- Jacek Jarmulak
How to use Voicegain with Twilio Media Streams
Updated: Oct 2, 2020

Voicegain adds grammar-based speech recognition to Twilio Programmable Voice platform via the Twilio Media Stream Feature.
The difference between Voicegain speech recognition and Twilio TwiML <Gather> is:
Voicegain supports grammars with semantic tags (GRXML or JSGF) while <Gather> is a large vocabulary recognizer that just returns text, and
Voicegain is significantly cheaper (we will describe the price difference in an upcoming blog post).
When using Voicegain with Twilio, your application logic will need to handle callback requests from both Twilio and Voicegain.

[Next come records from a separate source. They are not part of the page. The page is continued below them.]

lemma floor_before_lower_violation:
  assumes "t0 \<le> t1" "t1 < T" and before: "\<And>u. t0 \<le> u \<Longrightarrow> u < t1 \<Longrightarrow> lower_barrier u \<le> Z u"
    and "t0 \<le> u" "u \<le> t1"
  shows "- (sa t0 / 4) \<le> Z u"
proof (cases "u < t1")
  case True
  then show ?thesis using before[OF assms(4) True] lower_barrier_ge[OF assms(4)] by linarith
next
  case False
  show ?thesis
  proof (cases "t0 < t1")
    case True
    have "continuous_on (closure {t0..<t1}) Z" using Z_continuous_on[of t0 t1] assms(2) True by simp
    moreover have "u \<in> closure {t0..<t1}" using False assms(5) True by simp
    ultimately show ?thesis
    proof (rule continuous_ge_on_closure)
      fix x assume "x \<in> {t0..<t1}"
      then show "- (sa t0 / 4) \<le> Z x" using before[of x] lower_barrier_ge[of x] by force
    qed
  next
    case False
    then show ?thesis using assms Z_t0 sa_pos[of t0] \<open>\<not> u < t1\<close> by simp
  qed
qed

lemma lower_barrier_step:
  assumes t1: "t0 \<le> t1" "t1 < T" and before: "\<And>u. t0 \<le> u \<Longrightarrow> u < t1 \<Longrightarrow> lower_barrier u \<le> Z u"
  shows "lower_barrier t1 < Z t1"
proof -
  have floor: "- (sa u / 4) \<le> Z u" "- (sa t0 / 4) \<le> Z u" if "t0 \<le> u" "u \<le> t1" for u
    using floor_before_lower_violation[OF t1 before that] sa_mono[OF that(1)] by simp_all
  define p0 where "p0 = max t0 (t1 - 1 / \<beta>)"
  have p0: "t0 \<le> p0" "p0 \<le> t1" "t1 \<le> p0 + 1 / \<beta>" using t1(1) beta_pos by (auto simp: p0_def)
  have "continuous_on {p0..t1} (\<lambda>u. 3 / 4 * sa u)" "continuous_on {p0..t1} Z"
    using p0(1) t1(2) by (intro continuous_on_mult_left sa_continuous_on Z_continuous_on)+
  then consider "3 / 4 * sa t1 \<le> Z t1"
    | p where "p0 \<le> p" "p < t1" "3 / 4 * sa p = Z p" "\<And>u. p < u \<Longrightarrow> u \<le> t1 \<Longrightarrow> Z u < 3 / 4 * sa u"
    | "\<And>u. p0 \<le> u \<Longrightarrow> u \<le> t1 \<Longrightarrow> Z u < 3 / 4 * sa u"
    using p0(2) by (rule last_crossing) blast+
  then show ?thesis
  proof cases
    case 1
    then show ?thesis using lower_barrier_le[OF t1(1)] sa_pos[OF t1(1)] by linarith
  next
    case (2 p)
    have "t0 \<le> p" using 2(1) p0(1) by linarith
    have "Z p - sa p / 8 \<le> Z t1"
    proof (rule increment_ge_inside[OF \<open>t0 \<le> p\<close> _ t1(2)])
      fix u assume "p \<le> u" "u \<le> t1"
      then show "\<bar>Z u\<bar> \<le> sa u"
        using 2(3) 2(4)[of u] floor[of u] sa_pos[of u] \<open>t0 \<le> p\<close> by (cases "u = p") auto
    qed (use 2(1,2) p0(3) in auto)
    moreover have "sa t1 \<le> sa p + 1 / 2" "4 \<le> sa p"
      using sa_step[OF \<open>t0 \<le> p\<close>] sa_ge[OF \<open>t0 \<le> p\<close>] p0(3) 2(1) by auto
    ultimately show ?thesis using 2(3) lower_barrier_le[OF t1(1)] by linarith
  next
    case 3
    have inside: "\<bar>Z u\<bar> \<le> 3 / 4 * sa u" if "p0 \<le> u" "u \<le> t1" for u
      using 3[OF that] floor[of u] sa_pos[of u] p0(1) that by force
    show ?thesis
    proof (cases "t1 < t0 + 1 / \<beta>")
      case True
      have "Z t0 - sa t0 / 8 \<le> Z t1"
        using inside sa_pos True t1 p0 by (intro increment_ge_inside) (force simp: p0_def)+
      then show ?thesis using True Z_t0 sa_pos[of t0] by (simp add: lower_barrier_def)
    next
      case False
      then have "t1 = p0 + 1 / \<beta>" by (simp add: p0_def)
      then have "Z p0 + 19 / 16 * sa p0 \<le> Z t1"
        using rise_over_window[OF p0(1)] inside t1(2) by simp
      moreover have "sa t1 \<le> sa p0 + 1 / 2" "4 \<le> sa p0"
        using sa_step[OF p0(1) p0(3)] sa_ge[OF p0(1)] by auto
      ultimately show ?thesis using floor(1)[OF p0(1,2)] lower_barrier_le[OF t1(1)] by linarith
    qed
  qed
qed

lemma upper_barrier_step:
  assumes t1: "t0 \<le> t1" "t1 < T" and before: "\<And>u. t0 \<le> u \<Longrightarrow> u < t1 \<Longrightarrow> Z u \<le> 3 / 2 * sa u"
  shows "Z t1 < 3 / 2 * sa t1"
proof -
  define p0 where "p0 = max t0 (t1 - 1 / \<beta>)"
  have p0: "t0 \<le> p0" "p0 \<le> t1" "t1 \<le> p0 + 1 / \<beta>" using t1(1) beta_pos by (auto simp: p0_def)
  have "continuous_on {p0..t1} Z"
    using p0(1) t1(2) by (rule Z_continuous_on)
  moreover have "continuous_on {p0..t1} (\<lambda>u. 5 / 4 * sa u)"
    by (intro continuous_on_mult_left sa_continuous_on)
  ultimately consider "Z t1 \<le> 5 / 4 * sa t1"
    | p where "p0 \<le> p" "p < t1" "Z p = 5 / 4 * sa p" "\<And>u. p < u \<Longrightarrow> u \<le> t1 \<Longrightarrow> 5 / 4 * sa u < Z u"
    | "\<And>u. p0 \<le> u \<Longrightarrow> u \<le> t1 \<Longrightarrow> 5 / 4 * sa u < Z u"
    using p0(2) by (rule last_crossing) blast+
  then show ?thesis
  proof cases
    case 1
    then show ?thesis using sa_pos[OF t1(1)] by linarith
  next
    case (2 p)
    have "t0 \<le> p" using 2(1) p0(1) by linarith
    have "Z t1 \<le> Z p + sa p / 8"
    proof (rule increment_le_above[OF \<open>t0 \<le> p\<close> _ t1(2)])
      fix u assume "p \<le> u" "u \<le> t1"
      then show "sa u \<le> Z u"
        using 2(3) 2(4)[of u] sa_pos[of u] \<open>t0 \<le> p\<close> by (cases "u = p") auto
    qed (use 2(1,2) p0(3) in auto)
    moreover have "sa p \<le> sa t1" "0 < sa p" using sa_mono 2(2) sa_pos[OF \<open>t0 \<le> p\<close>] by auto
    ultimately show ?thesis using 2(3) by linarith
  next
    case 3
    have "p0 \<noteq> t0" using 3[of t0] Z_t0 sa_pos[of t0] p0 by auto
    then have window: "t1 = p0 + 1 / \<beta>" "p0 < t1" using beta_pos by (auto simp: p0_def)
    then have "Z t1 \<le> Z p0 - 25 / 16 * sa p0"
      using fall_over_window[OF p0(1)] 3 t1(2) by (simp add: less_imp_le)
    then show ?thesis using before[OF p0(1) window(2)] sa_pos[OF p0(1)] sa_pos[OF t1(1)] by linarith
  qed
qed

lemma stays_in_band:
  assumes "t0 \<le> t" "t < T"
  shows "lower_barrier t \<le> Z t" "Z t \<le> 3 / 2 * sa t"
proof -
  have "0 \<le> Z t - lower_barrier t"
    using assms lower_barrier_step
    by (intro continuous_induction_nonneg[of t0 T "\<lambda>u. Z u - lower_barrier u"])
       (auto intro!: tendsto_intros Z_right_continuous lower_barrier_right_continuous)
  then show "lower_barrier t \<le> Z t" by simp
  have "0 \<le> 3 / 2 * sa t - Z t"
    using assms upper_barrier_step isCont_sa
    by (intro continuous_induction_nonneg[of t0 T "\<lambda>u. 3 / 2 * sa u - Z u"])
       (auto intro!: tendsto_intros Z_right_continuous simp: isCont_def filterlim_at_split)
  then show "Z t \<le> 3 / 2 * sa t" by simp
qed

lemma bounded_below: "t0 \<le> t \<Longrightarrow> t < T \<Longrightarrow> - (sa t0 / 4) \<le> Z t"
  using stays_in_band(1) lower_barrier_ge by (meson order_trans)

end

context riccati_forcing
begin

lemma diffusion_path_band:
  assumes path: "diffusion_path b \<beta> a t0 0 Z" and t: "t0 + 1 / \<beta> \<le> t"
  shows "sa t / 2 \<le> Z t \<and> Z t \<le> 3 / 2 * sa t"
proof -
  have "t0 \<le> t" using t divide_pos_pos[OF zero_less_one beta_pos] by linarith
  from path show ?thesis
  proof (cases rule: diffusion_path_until_explosion)
    case 1
    interpret riccati_segment \<beta> a t0 b "t + 1" Z by unfold_locales (rule 1)
    show ?thesis using stays_in_band[of t] \<open>t0 \<le> t\<close> t by (simp add: lower_barrier_def)
  next
    case (2 T)
    interpret riccati_segment \<beta> a t0 b T Z by unfold_locales (rule 2(2))
    have "\<forall>\<^sub>F u in at_left T. Z u \<le> - (sa t0 / 4) - 1"
      using 2(3) by (simp add: filterlim_at_bot)
    moreover have "\<forall>\<^sub>F u in at_left T. t0 < u \<and> u < T"
      unfolding eventually_at_left_field using 2(1) by blast
    ultimately have "\<forall>\<^sub>F u in at_left T. False"
    proof eventually_elim
      case (elim u)
      then show False using bounded_below[of u] by linarith
    qed
    then show ?thesis by (simp add: trivial_limit_at_left_real)
  qed
qed

end

section \<open>Dyadic chaining\<close>

definition dyadic_point :: "real \<Rightarrow> real \<Rightarrow> nat \<Rightarrow> nat \<Rightarrow> real" where
  "dyadic_point x0 L n j = x0 + L * real j / 2 ^ n"

lemma dyadic_point_0 [simp]: "dyadic_point x0 L n 0 = x0"
  by (simp add: dyadic_point_def)

lemma dyadic_point_double [simp]: "dyadic_point x0 L (Suc n) (2 * j) = dyadic_point x0 L n j"
  by (simp add: dyadic_point_def)

lemma dyadic_point_mem: "0 \<le> L \<Longrightarrow> j \<le> 2 ^ n \<Longrightarrow> dyadic_point x0 L n j \<in> {x0..x0 + L}"
proof -
  assume "0 \<le> L" "j \<le> 2 ^ n"
  then have "real j / 2 ^ n \<le> 1"
    by (simp add: divide_le_eq_1)
  then show ?thesis
    using \<open>0 \<le> L\<close> mult_left_le[of "real j / 2 ^ n" L] by (simp add: dyadic_point_def)
qed

lemma dyadic_chaining_partial:
  fixes f :: "real \<Rightarrow> real" and y :: "nat \<Rightarrow> real"
  assumes step: "\<And>n j. j < 2 ^ n \<Longrightarrow>
      \<bar>f (dyadic_point x0 L n (Suc j)) - f (dyadic_point x0 L n j)\<bar> \<le> y n"
  shows "j \<le> 2 ^ n \<Longrightarrow> \<bar>f (dyadic_point x0 L n j) - f x0\<bar> \<le> (\<Sum>i\<le>n. y i)"
proof (induction n arbitrary: j)
  case 0
  then consider "j = 0" | "j = 1" by fastforce
  then show ?case
    using step[of 0 0] by cases (auto intro: order_trans[OF abs_ge_zero])
next
  case (Suc n)
  have "0 \<le> y (Suc n)" using step[of 0 "Suc n"] by (auto intro: order_trans[OF abs_ge_zero])
  obtain i where "j = 2 * i \<or> j = Suc (2 * i)" by (metis oddE evenE Suc_eq_plus1)
  then show ?case
  proof
    assume "j = 2 * i"
    then show ?case using Suc.IH[of i] Suc.prems \<open>0 \<le> y (Suc n)\<close> by simp
  next
    assume j: "j = Suc (2 * i)"
    then have "i < 2 ^ n" using Suc.prems by simp
    then show ?case using Suc.IH[of i] step[of "2 * i" "Suc n"] j by simp
  qed
qed

lemma dyadic_point_floor_bounds:
  fixes n :: nat
  assumes "0 < L" "x0 \<le> x" "x \<le> x0 + L"
  defines "j \<equiv> nat \<lfloor>(x - x0) / L * 2 ^ n\<rfloor>"
  shows "j \<le> 2 ^ n" "x - L / 2 ^ n \<le> dyadic_point x0 L n j" "dyadic_point x0 L n j \<le> x"
proof -
  define r where "r = (x - x0) / L"
  have r: "0 \<le> r" "r \<le> 1" using assms(1-3) by (auto simp: r_def field_simps)
  have "real j = of_int \<lfloor>r * 2 ^ n\<rfloor>"
    unfolding j_def r_def[symmetric] using r(1) by (intro of_nat_nat) simp
  then have j: "real j \<le> r * 2 ^ n" "r * 2 ^ n - 1 \<le> real j"
    using of_int_floor_le[of "r * 2 ^ n"] real_of_int_floor_gt_diff_one[of "r * 2 ^ n"] by linarith+
  have "r * 2 ^ n \<le> 2 ^ n" using mult_right_mono[OF r(2), of "2 ^ n"] by simp
  then have "real j \<le> 2 ^ n" using j(1) by linarith
  then show "j \<le> 2 ^ n" by (metis of_nat_le_iff of_nat_numeral of_nat_power)
  have "L * real j / 2 ^ n \<le> L * (r * 2 ^ n) / 2 ^ n"
    using j(1) assms(1) by (intro divide_right_mono mult_left_mono) auto
  then show "dyadic_point x0 L n j \<le> x" using assms(1) by (simp add: dyadic_point_def r_def)
  have "L * (r * 2 ^ n - 1) / 2 ^ n \<le> L * real j / 2 ^ n"
    using j(2) assms(1) by (intro divide_right_mono mult_left_mono) auto
  moreover have "L * (r * 2 ^ n - 1) / 2 ^ n = x - x0 - L / 2 ^ n"
    using assms(1) by (simp add: r_def diff_divide_distrib right_diff_distrib)
  ultimately show "x - L / 2 ^ n \<le> dyadic_point x0 L n j" by (simp add: dyadic_point_def)
qed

Each recognition will involve two main steps described below:
Initiating Speech Recognition with Voicegain
This is done by invoking Voicegain async recognition API: /asr/recognize/async
Below is an example of the payload needed to start a new recognition session:
{
"sessions": [{
"asyncMode": "REAL-TIME",
"callback": { "uri" : "https://my.host/my-reco-result-callback" }
}],
"audio": {
"source": { "stream": { "protocol": "TWIML" } },
"format": "PCMU",
"rate": 8000
},
"settings": {
"asr": {
"startInputTimers" : "false",
"noInputTimeout": 5000,
"incompleteTimeout": 5000,
"completeTimeout": 1000,
"grammars" : [{
"type" : "GRXML",
"name": "my-grammar",
"fromUrl" : {
"url" : "https://my.host/grammars/my-grammar.grxml"
}
}]
}
}
}
Some notes about the content of the request:
startInputTimers tells ASR to delay start of timers - they will be started later when the question prompt finishes playing
TWIML is set as the streaming protocol with the format set to PCMU (u-law) and sample rate of 8kHz
asr settings include the three standard timeouts used in grammar based recognition - no-input, complete, and incomplete timeouts
grammar is set to GRXML grammar loaded from an external URL
This request, if successful, will return the websocket url in the audio.stream.websocketUrl field. This value will be used in making a TwiML request.
Note, if the grammar is specified to recognize DTMF, the Voicegain recognizer will recognize DTMF signals included in the audio sent from Twilio Platform.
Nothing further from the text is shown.